The current political landscape seems to confirm this.
The Greens, who have been campaigning for a sustainable, egalitarian world for decades, are very popular.
The Union, the SPD, the FDP and the Left are also increasingly green and
Perhaps the upcoming federal election will determine the pace of social change more than its fundamental direction.
If the Greens come to power with them, the likelihood increases that sustainable and inclusive structures will emerge in Germany at a faster pace and in greater density.
Those who live by these values would then have more advantages.
Accordingly, more people are likely to align themselves with it in their everyday lives.
If the Union or the SPD come to power, the same thing should essentially happen.
It'll probably just take longer.
We cannot avoid the problems of level six. They will plague us too - until the socio-economic suffering becomes too great at some point and drives us to level seven. According to Beck and Cowan, this is the level at which we learn to integrate contradicting perspectives and to manage polarities in a meaningful way.

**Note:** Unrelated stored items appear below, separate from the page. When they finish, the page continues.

(* Let $\mathcal{M}=(E,\rho)$ be a $q$-matroid, $l=\dim\mathrm{cl}(0)$ and $f=\dim E-l$. Then $\mathcal{Z}(\mathcal{M})=\{\mathrm{cl}(0)\}$ if and only if $\mathcal{M}\approx\mathcal{U}_{0,l}\oplus\mathcal{U}_{f,f}$. In particular, $\mathcal{M}$ has exactly one cyclic flat if and only if it is (equivalent to) the direct sum of a trivial and a free $q$-matroid.
   Context: Let $\mathbb{F}=\mathbb{F}_q$. A $q$-matroid is $\mathcal{M}=(E,\rho)$, $E$ a finite-dimensional $\mathbb{F}$-vector space, $\rho$ from subspaces to $\mathbb{Z}_{\ge0}$ with $0\le\rho(V)\le\dim V$, monotone and submodular. Flat: $\rho(F+\langle x\rangle)>\rho(F)$ for all $x\notin F$. Closure: $\mathrm{cl}(V)=\sum\{\langle x\rangle:\rho(V+\langle x\rangle)=\rho(V)\}$. Cyclic core: $\mathrm{cyc}(V)=\{x\in V\mid\rho(W)=\rho(V)\text{ for all }W\le V\text{ with }W+\langle x\rangle=V\}$; cyclic: $\mathrm{cyc}(V)=V$; $\mathcal{Z}(\mathcal{M})$: the set of cyclic flats. $\mathcal{U}_{0,n}$ (trivial) and $\mathcal{U}_{n,n}$ (free) are the $q$-matroids on an $n$-dimensional space with $\rho\equiv0$, resp. $\rho(V)=\dim V$. Equivalence $\approx$: an $\mathbb{F}$-isomorphism of ground spaces preserving rank. Direct sum: for $E=E_1\oplus E_2$ with projections $\pi_i$, $\mathcal{M}_1\oplus\mathcal{M}_2=(E,\rho)$ where $\rho(V)=\dim V+\min_{X\le V}(\rho_1(\pi_1(X))+\rho_2(\pi_2(X))-\dim X)$. *)

theory Defs
  imports Main "HOL.Vector_Spaces" "HOL-Library.Function_Algebras" "HOL-Library.Product_Plus"
begin

definition subsp :: "('a::field \<Rightarrow> 'b::ab_group_add \<Rightarrow> 'b) \<Rightarrow> 'b set \<Rightarrow> 'b set \<Rightarrow> bool" where
  "subsp sc E V \<longleftrightarrow> Modules.module.subspace sc V \<and> V \<subseteq> E"

definition ground_space :: "('a::field \<Rightarrow> 'b::ab_group_add \<Rightarrow> 'b) \<Rightarrow> 'b set \<Rightarrow> bool" where
  "ground_space sc E \<longleftrightarrow> vector_space sc \<and> Modules.module.subspace sc E \<and>
     (\<exists>B. finite B \<and> B \<subseteq> E \<and> Modules.module.span sc B = E)"

text \<open>Sum of subspaces V + W is the span of the union.\<close>
definition qmatroid :: "('a::{field,finite} \<Rightarrow> 'b::ab_group_add \<Rightarrow> 'b) \<Rightarrow> 'b set \<Rightarrow> ('b set \<Rightarrow> nat) \<Rightarrow> bool" where
  "qmatroid sc E \<rho> \<longleftrightarrow> ground_space sc E \<and>
     (\<forall>V. subsp sc E V \<longrightarrow> \<rho> V \<le> Vector_Spaces.vector_space.dim sc V) \<and>
     (\<forall>V W. subsp sc E V \<and> subsp sc E W \<and> V \<subseteq> W \<longrightarrow> \<rho> V \<le> \<rho> W) \<and>
     (\<forall>V W. subsp sc E V \<and> subsp sc E W \<longrightarrow>
        \<rho> (Modules.module.span sc (V \<union> W)) + \<rho> (V \<inter> W) \<le> \<rho> V + \<rho> W)"

definition qflat :: "('a::field \<Rightarrow> 'b::ab_group_add \<Rightarrow> 'b) \<Rightarrow> 'b set \<Rightarrow> ('b set \<Rightarrow> nat) \<Rightarrow> 'b set \<Rightarrow> bool" where
  "qflat sc E \<rho> F \<longleftrightarrow> subsp sc E F \<and>
     (\<forall>x \<in> E - F. \<rho> (Modules.module.span sc (F \<union> Modules.module.span sc {x})) > \<rho> F)"

definition qcl :: "('a::field \<Rightarrow> 'b::ab_group_add \<Rightarrow> 'b) \<Rightarrow> 'b set \<Rightarrow> ('b set \<Rightarrow> nat) \<Rightarrow> 'b set \<Rightarrow> 'b set" where
  "qcl sc E \<rho> V = Modules.module.span sc
     (\<Union>{Modules.module.span sc {x} | x. x \<in> E \<and> \<rho> (Modules.module.span sc (V \<union> Modules.module.span sc {x})) = \<rho> V})"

We could then build a society to which each and every one of us contributes the best possible within the framework of our own possibilities and is promoted in the best possible way.
A society that recognizes that everyone is partially right - but no one is entirely.
Which first allows all contributions to the solution of a problem and then prioritizes them utilitarianily.
A society that can perhaps solve major global problems like global warming better than we can today.
Before she too creates her own perhaps even bigger problems.
However, such a society is still hardly in sight.
At the moment, only five percent of the western population are assigned to level seven.